***Investment is defined as the commitment of funds or current financial resources to one or more assets for the purpose of achieving higher gains in the future. This shows the importance of time and future that arises as these are the two important elements in investment. 2. Distinguish between a financial asset and a real asset. ***Real assets are the tangible assets that are used to produce goods or services like the buildings, land, or machinery that are utilized in the production of commodities or services. While financial assets are the claims on real assets or the income produced by those assets. Examples of financial assets include stocks and bonds that are like worthless papers and do not directly contribute to the production of a commodity or service, but instead, derive their value from the claims they carry. 3. Distinguish between expected return and realized return. ***Expected return is the income or loss from an investment that the investors expects to receive in the future, based on an assumed rate of return. While the realized return is the amount of actual income or loss left after the investing period is over. 4. Define risk. How many specific types can you think of? ***Risk is defined in many ways but in relation to investments it refers to the uncertainty associated with an exposure to loss. It could result to a difference on the actual return from what was expected. There are several types of risks, some of those that I can think of are the interest rate risk which is under market risk, inflation risk, liquidity risk, foreign investment risk, and many more ☺. 5. What is meant by the expression efficient market? ***The expression, “efficient market” means that the prices of securities are efficient or close to what reflects as its true value; or it is where the market price is an unbiased estimate of the true value of the investment.

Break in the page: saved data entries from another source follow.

(* Let PS1 and PS2 be pure strategies (as in the context) with $m_{PS1}$ finite, and suppose PS2 is complementary to PS1, i.e. $\Delta_{PS1}(X)<\Delta_{PS2}(X)$ for some $X\in\mathcal{S}_{\mathrm{non}}$. Then there exists a mixed strategy MS derived from PS1 and PS2 whose average expected hitting time satisfies $\bar m_{MS}<\bar m_{PS1}$, where $\bar m=\frac{1}{|\mathcal{S}|}\sum_{X\in\mathcal{S}}m(X)$.
   Context: A fitness function $f$ on a finite set is to be maximised. A metaheuristic generates populations $\Phi_0,\Phi_1,\dots$. Let $\mathcal{S}$ be the finite set of all populations, $\mathcal{S}_{\mathrm{opt}}$ those containing at least one optimal solution, $\mathcal{S}_{\mathrm{non}}=\mathcal{S}\setminus\mathcal{S}_{\mathrm{opt}}$. The sequence is a time-homogeneous Markov chain on $\mathcal{S}$ with transition probabilities $P(X,Y)=\Pr(\Phi_{t+1}=Y\mid\Phi_t=X)$, every state of $\mathcal{S}_{\mathrm{opt}}$ absorbing. The expected hitting time $m(X)\in[0,\infty]$ is the expected number of generations until first entering $\mathcal{S}_{\mathrm{opt}}$ from $\Phi_0=X$ ($m(X)=0$ on $\mathcal{S}_{\mathrm{opt}}$). A pure strategy is such a time-independent transition matrix. PS1, PS2 are pure strategies with transition matrices $P_1,P_2$ on the same $\mathcal{S}$ (with $\mathcal{S}_{\mathrm{opt}}$ absorbing), expected hitting times $m_{PS1},m_{PS2}$. A mixed strategy MS derived from PS1 and PS2 assigns to each $X\in\mathcal{S}$ probabilities $P_X(PS1)\in[0,1]$, $P_X(PS2)=1-P_X(PS1)$, and has transition matrix $P_{MS}(X,Y)=P_X(PS1)P_1(X,Y)+P_X(PS2)P_2(X,Y)$, with expected hitting time $m_{MS}$. With $d(X)=m_{PS1}(X)$, for $X\in\mathcal{S}_{\mathrm{non}}$: $\Delta_{PS1}(X)=d(X)-\sum_{Y\in\mathcal{S}_{\mathrm{non}}}P_1(X,Y)d(Y)$, $\Delta_{PS2}(X)=d(X)-\sum_{Y\in\mathcal{S}_{\mathrm{non}}}P_2(X,Y)d(Y)$. *)

theory Defs
  imports "HOL-Analysis.Analysis"
begin

text \<open>A population space: a finite set S of populations, with the subset Sopt of
populations containing an optimal solution. A pure strategy is a time-homogeneous
transition matrix P on S (stochastic rows, every state of Sopt absorbing).\<close>

definition transition_matrix :: "'a set \<Rightarrow> 'a set \<Rightarrow> ('a \<Rightarrow> 'a \<Rightarrow> real) \<Rightarrow> bool" where
  "transition_matrix S Sopt P \<longleftrightarrow>
     (\<forall>X\<in>S. \<forall>Y\<in>S. 0 \<le> P X Y) \<and>
     (\<forall>X\<in>S. (\<Sum>Y\<in>S. P X Y) = 1) \<and>
     (\<forall>X\<in>Sopt. P X X = 1)"

text \<open>survival S Sopt P t X = Pr(Phi_0, ..., Phi_t all lie in S - Sopt | Phi_0 = X),
i.e. the probability that the hitting time of Sopt exceeds t.\<close>

fun survival :: "'a set \<Rightarrow> 'a set \<Rightarrow> ('a \<Rightarrow> 'a \<Rightarrow> real) \<Rightarrow> nat \<Rightarrow> 'a \<Rightarrow> real" where
  "survival S Sopt P 0 X = (if X \<in> S - Sopt then 1 else 0)"
| "survival S Sopt P (Suc t) X =
     (if X \<in> S - Sopt then (\<Sum>Y\<in>S - Sopt. P X Y * survival S Sopt P t Y) else 0)"

text \<open>Expected hitting time of Sopt, in [0, \<infinity>], via E[T] = sum over t of Pr(T > t).\<close>

definition hitting_time :: "'a set \<Rightarrow> 'a set \<Rightarrow> ('a \<Rightarrow> 'a \<Rightarrow> real) \<Rightarrow> 'a \<Rightarrow> ennreal" where
  "hitting_time S Sopt P X = (\<Sum>t. ennreal (survival S Sopt P t X))"

definition avg_hitting_time :: "'a set \<Rightarrow> 'a set \<Rightarrow> ('a \<Rightarrow> 'a \<Rightarrow> real) \<Rightarrow> ennreal" where
  "avg_hitting_time S Sopt P = (\<Sum>X\<in>S. hitting_time S Sopt P X) / of_nat (card S)"

definition Delta :: "'a set \<Rightarrow> 'a set \<Rightarrow> ('a \<Rightarrow> 'a \<Rightarrow> real) \<Rightarrow> ('a \<Rightarrow> 'a \<Rightarrow> real) \<Rightarrow> 'a \<Rightarrow> real" where
  "Delta S Sopt P1 Q X =
     enn2real (hitting_time S Sopt P1 X)
     - (\<Sum>Y\<in>S - Sopt. Q X Y * enn2real (hitting_time S Sopt P1 Y))"

end

theory Submission
  imports Defs
begin

text \<open>The expected hitting time d of PS1 solves the first-step equation
d X = 1 + \<Sum>Y\<in>S - Sopt. P1 X Y * d Y on the non-optimal populations. If PS2 does strictly
better than PS1 on d at one state X0, the mixed strategy that uses PS2 at X0 and PS1
elsewhere has d as a supersolution of its own first-step equation, strictly at X0. A
nonnegative supersolution dominates the expected hitting time, since it dominates every
partial sum of the survival probabilities; hence the new hitting times are bounded by d
everywhere and strictly below it at X0, and so is their average.\<close>

lemma survival_nonneg:
  assumes "\<forall>X\<in>S. \<forall>Y\<in>S. 0 \<le> P X Y" "Sopt \<subseteq> S"
  shows "0 \<le> survival S Sopt P t X"
  using assms by (induction t arbitrary: X) (auto intro!: sum_nonneg mult_nonneg_nonneg)

lemma survival_eq_0: "X \<notin> S - Sopt \<Longrightarrow> survival S Sopt P t X = 0"
  by (cases t) auto

lemma hitting_time_eq_0: "X \<notin> S - Sopt \<Longrightarrow> hitting_time S Sopt P X = 0"
  unfolding hitting_time_def by (simp add: survival_eq_0)

lemma hitting_time_first_step:
  assumes "finite S" "Sopt \<subseteq> S" "\<forall>X\<in>S. \<forall>Y\<in>S. 0 \<le> P X Y" "X \<in> S - Sopt"
  shows "hitting_time S Sopt P X
       = 1 + (\<Sum>Y\<in>S - Sopt. ennreal (P X Y) * hitting_time S Sopt P Y)"
proof -
  have nonneg: "0 \<le> survival S Sopt P t Y" for t Y
    by (rule survival_nonneg[OF assms(3,2)])
  have shift: "hitting_time S Sopt P X
      = (\<Sum>t. ennreal (survival S Sopt P (t + 1) X)) + (\<Sum>j<1. ennreal (survival S Sopt P j X))"
    unfolding hitting_time_def by (rule suminf_offset) (rule summableI)
  have head: "(\<Sum>j<1. ennreal (survival S Sopt P j X)) = 1"
    using assms(4) by simp
  have step: "ennreal (survival S Sopt P (t + 1) X)
      = (\<Sum>Y\<in>S - Sopt. ennreal (P X Y) * ennreal (survival S Sopt P t Y))" for t
  proof -
    have "ennreal (survival S Sopt P (t + 1) X)
        = ennreal (\<Sum>Y\<in>S - Sopt. P X Y * survival S Sopt P t Y)"
      using assms(4) by simp
    also have "\<dots> = (\<Sum>Y\<in>S - Sopt. ennreal (P X Y * survival S Sopt P t Y))"
      using assms nonneg by (intro sum_ennreal[symmetric] mult_nonneg_nonneg) auto
    also have "\<dots> = (\<Sum>Y\<in>S - Sopt. ennreal (P X Y) * ennreal (survival S Sopt P t Y))"
      using assms nonneg by (intro sum.cong refl ennreal_mult) auto
    finally show ?thesis .
  qed
  have swap: "(\<Sum>t. \<Sum>Y\<in>S - Sopt. ennreal (P X Y) * ennreal (survival S Sopt P t Y))
      = (\<Sum>Y\<in>S - Sopt. \<Sum>t. ennreal (P X Y) * ennreal (survival S Sopt P t Y))"
    by (rule suminf_sum) (rule summableI)
  have cmult: "(\<Sum>t. ennreal (P X Y) * ennreal (survival S Sopt P t Y))
      = ennreal (P X Y) * hitting_time S Sopt P Y" for Y
    unfolding hitting_time_def by (rule ennreal_suminf_cmult)
  show ?thesis
    unfolding shift head step swap cmult by (rule add.commute)
qed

WHAT HAVE I LEARNED IN THIS CHAPTER?
***In this chapter, I learned that investing is important to money management for financial security and income. It means using your money to make more money to improve our own future monetary wealth. I learned that there are also several things to consider and be careful with when investing like understanding that the expected return could be different in amount when realized due to various factors or risks. This chapter taught me that when investing, it is expected that when the risk is higher or lower, the possible return is also higher or lower respectively.